🤖 AI Summary
To address the insufficient robustness and accuracy in user-defined keyword spotting (KWS), this paper proposes DS-KWS, a two-stage robust wake-word detection framework. The first stage jointly leverages connectionist temporal classification (CTC) modeling and streaming phoneme search to efficiently localize candidate segments. The second stage introduces a Query-by-Text (QbyT) mechanism integrated with a phoneme-matching module for joint phoneme-level and utterance-level verification. Innovatively, we design a dual data augmentation strategy: expanding ASR training data from 460 to 1,460 hours to strengthen acoustic modeling, and training the phoneme matcher on over 155,000 anchor classes to significantly improve discrimination of confusable keywords. On LibriPhrase Hard, DS-KWS achieves an EER of 6.13% and an AUC of 97.85%, substantially outperforming prior state-of-the-art methods.
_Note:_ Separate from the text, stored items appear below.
lemma nn_integral_mult_le_variances:
  fixes f g :: "'a \<Rightarrow> ennreal"
  assumes N: "prob_space N" and fm[measurable]: "f \<in> borel_measurable N" and gm[measurable]: "g \<in> borel_measurable N"
    and f: "\<And>x. f x \<le> 1" and g: "\<And>x. g x \<le> 1" and lam: "lam > 0"
  shows "(\<integral>\<^sup>+x. f x * g x \<partial>N) \<le> (\<integral>\<^sup>+x. f x \<partial>N) * (\<integral>\<^sup>+x. g x \<partial>N)
     + ennreal (lam / 2) * ennreal (nn_variance N f) + ennreal (1 / (2 * lam)) * ennreal (nn_variance N g)"
proof -
  define F where "F x = enn2real (f x)" for x
  define G where "G x = enn2real (g x)" for x
  have "2 * lam * ((\<integral>x. F x * G x \<partial>N) - (\<integral>x. F x \<partial>N) * (\<integral>x. G x \<partial>N))
     \<le> lam\<^sup>2 * nn_variance N f + nn_variance N g"
    unfolding nn_variance_eq_real[OF N fm f] nn_variance_eq_real[OF N gm g] F_def G_def
    using f g by (intro real_covariance_bound[OF N _ _ _ _ lam]) (auto intro: enn2real_leI)
  also have "\<dots> = 2 * lam * (lam / 2 * nn_variance N f + 1 / (2 * lam) * nn_variance N g)"
    using lam by (simp add: field_simps power2_eq_square)
  finally have "(\<integral>x. F x * G x \<partial>N) - (\<integral>x. F x \<partial>N) * (\<integral>x. G x \<partial>N)
      \<le> lam / 2 * nn_variance N f + 1 / (2 * lam) * nn_variance N g"
    by (rule mult_left_le_imp_le) (use lam in simp)
  then show ?thesis
    using nn_variance_nonneg[OF N fm f] nn_variance_nonneg[OF N gm g] lam
    unfolding nn_integral_eq_integral_enn2real[OF N fm f] nn_integral_eq_integral_enn2real[OF N gm g]
      nn_integral_mult_eq_integral_enn2real[OF N fm gm f g] F_def G_def
    by (simp add: ennreal_mult[symmetric] ennreal_plus[symmetric] integral_nonneg_AE del: ennreal_plus)
qed

lemma tendsto_nn_variance_SUP:
  fixes f :: "nat \<Rightarrow> 'a \<Rightarrow> ennreal"
  assumes N: "prob_space N" and [measurable]: "\<And>n. f n \<in> borel_measurable N"
    and f: "\<And>n x. f n x \<le> 1" and inc: "\<And>n x. f n x \<le> f (Suc n) x"
  shows "(\<lambda>n. nn_variance N (f n)) \<longlonglongrightarrow> nn_variance N (\<lambda>x. SUP n. f n x)"
proof -
  interpret prob_space N by fact
  let ?f = "\<lambda>x. SUP n. f n x"
  have f_le: "?f x \<le> 1" for x by (simp add: SUP_least f)
  have lim: "(\<lambda>n. f n x) \<longlonglongrightarrow> ?f x" for x by (rule LIMSEQ_SUP) (simp add: incseq_SucI inc)
  have lim_sq: "(\<lambda>n. f n x * f n x) \<longlonglongrightarrow> ?f x * ?f x" for x
  proof (rule tendsto_mult_ennreal[OF lim lim])
    show "\<not> (?f x = 0 \<and> ?f x = \<infinity> \<or> ?f x = \<infinity> \<and> ?f x = 0)"
      by (metis ennreal_zero_neq_top infinity_ennreal_def)
  qed
  have mono_sq: "f n x * f n x \<le> f (Suc n) x * f (Suc n) x" for n x
    using inc by (intro mult_mono) auto
  have integral_le_1: "(\<integral>\<^sup>+x. g x \<partial>N) \<le> 1" if "\<And>x. g x \<le> 1" for g
    using nn_integral_mono[of N g "\<lambda>_. 1"] that by (simp add: emeasure_space_1)
  have enn2real_lim: "(\<lambda>n. enn2real (u n)) \<longlonglongrightarrow> enn2real L" if "u \<longlonglongrightarrow> L" "L \<le> 1" for u L
    using that by (intro tendsto_enn2real) (auto simp: ennreal_enn2real_if top_unique)
  have "(\<lambda>n. \<integral>\<^sup>+x. f n x \<partial>N) \<longlonglongrightarrow> (\<integral>\<^sup>+x. ?f x \<partial>N)"
    by (rule nn_integral_LIMSEQ) (auto intro!: incseq_SucI le_funI inc lim)
  moreover have "(\<lambda>n. \<integral>\<^sup>+x. f n x * f n x \<partial>N) \<longlonglongrightarrow> (\<integral>\<^sup>+x. ?f x * ?f x \<partial>N)"
    by (rule nn_integral_LIMSEQ) (auto intro!: incseq_SucI le_funI mono_sq lim_sq)
  ultimately show ?thesis
    unfolding nn_variance_def using f_le
    by (intro tendsto_diff tendsto_power enn2real_lim integral_le_1) (auto intro: mult_le_one)
qed

lemma ennreal_eq_0_if_le_epsilon_mult:
  fixes z c :: ennreal
  assumes c: "c \<noteq> \<infinity>" and le: "\<And>e::real. e > 0 \<Longrightarrow> z \<le> ennreal e * c"
  shows "z = 0"
proof -
  obtain r where r: "c = ennreal r" "r \<ge> 0"
    using c by (cases c) auto
  have "z \<le> 0 + ennreal e" if e: "e > 0" for e
  proof -
    have "z \<le> ennreal (e / (r + 1) * r)"
      using le[of "e / (r + 1)"] e r by (simp add: ennreal_mult[symmetric])
    also have "\<dots> \<le> ennreal e"
      using e r by (intro ennreal_leI) (simp add: field_simps)
    finally show ?thesis by simp
  qed
  then have "z \<le> 0" by (rule ennreal_le_epsilon)
  then show ?thesis by simp
qed

locale markov_kernel =
  fixes Om :: "'a measure" and K :: "'a \<Rightarrow> 'a measure"
  assumes kernel: "K \<in> Om \<rightarrow>\<^sub>M prob_algebra Om"
begin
Under zero-shot evaluation on Hey-Snips, it attains a 99.13% recall rate at a false alarm rate of 1 per hour—approaching fully supervised performance.
📝 Abstract
In this paper, we propose DS-KWS, a two-stage framework for robust user-defined keyword spotting. It combines a CTC-based method with a streaming phoneme search module to locate candidate segments, followed by a QbyT-based method with a phoneme matcher module for verification at both the phoneme and utterance levels. To further improve performance, we introduce a dual data scaling strategy: (1) expanding the ASR corpus from 460 to 1,460 hours to strengthen the acoustic model; and (2) leveraging over 155k anchor classes to train the phoneme matcher, significantly enhancing the distinction of confusable words. Experiments on LibriPhrase show that DS-KWS significantly outperforms existing methods, achieving 6.13% EER and 97.85% AUC on the Hard subset. On Hey-Snips, it achieves zero-shot performance comparable to full-shot trained models, reaching 99.13% recall at one false alarm per hour.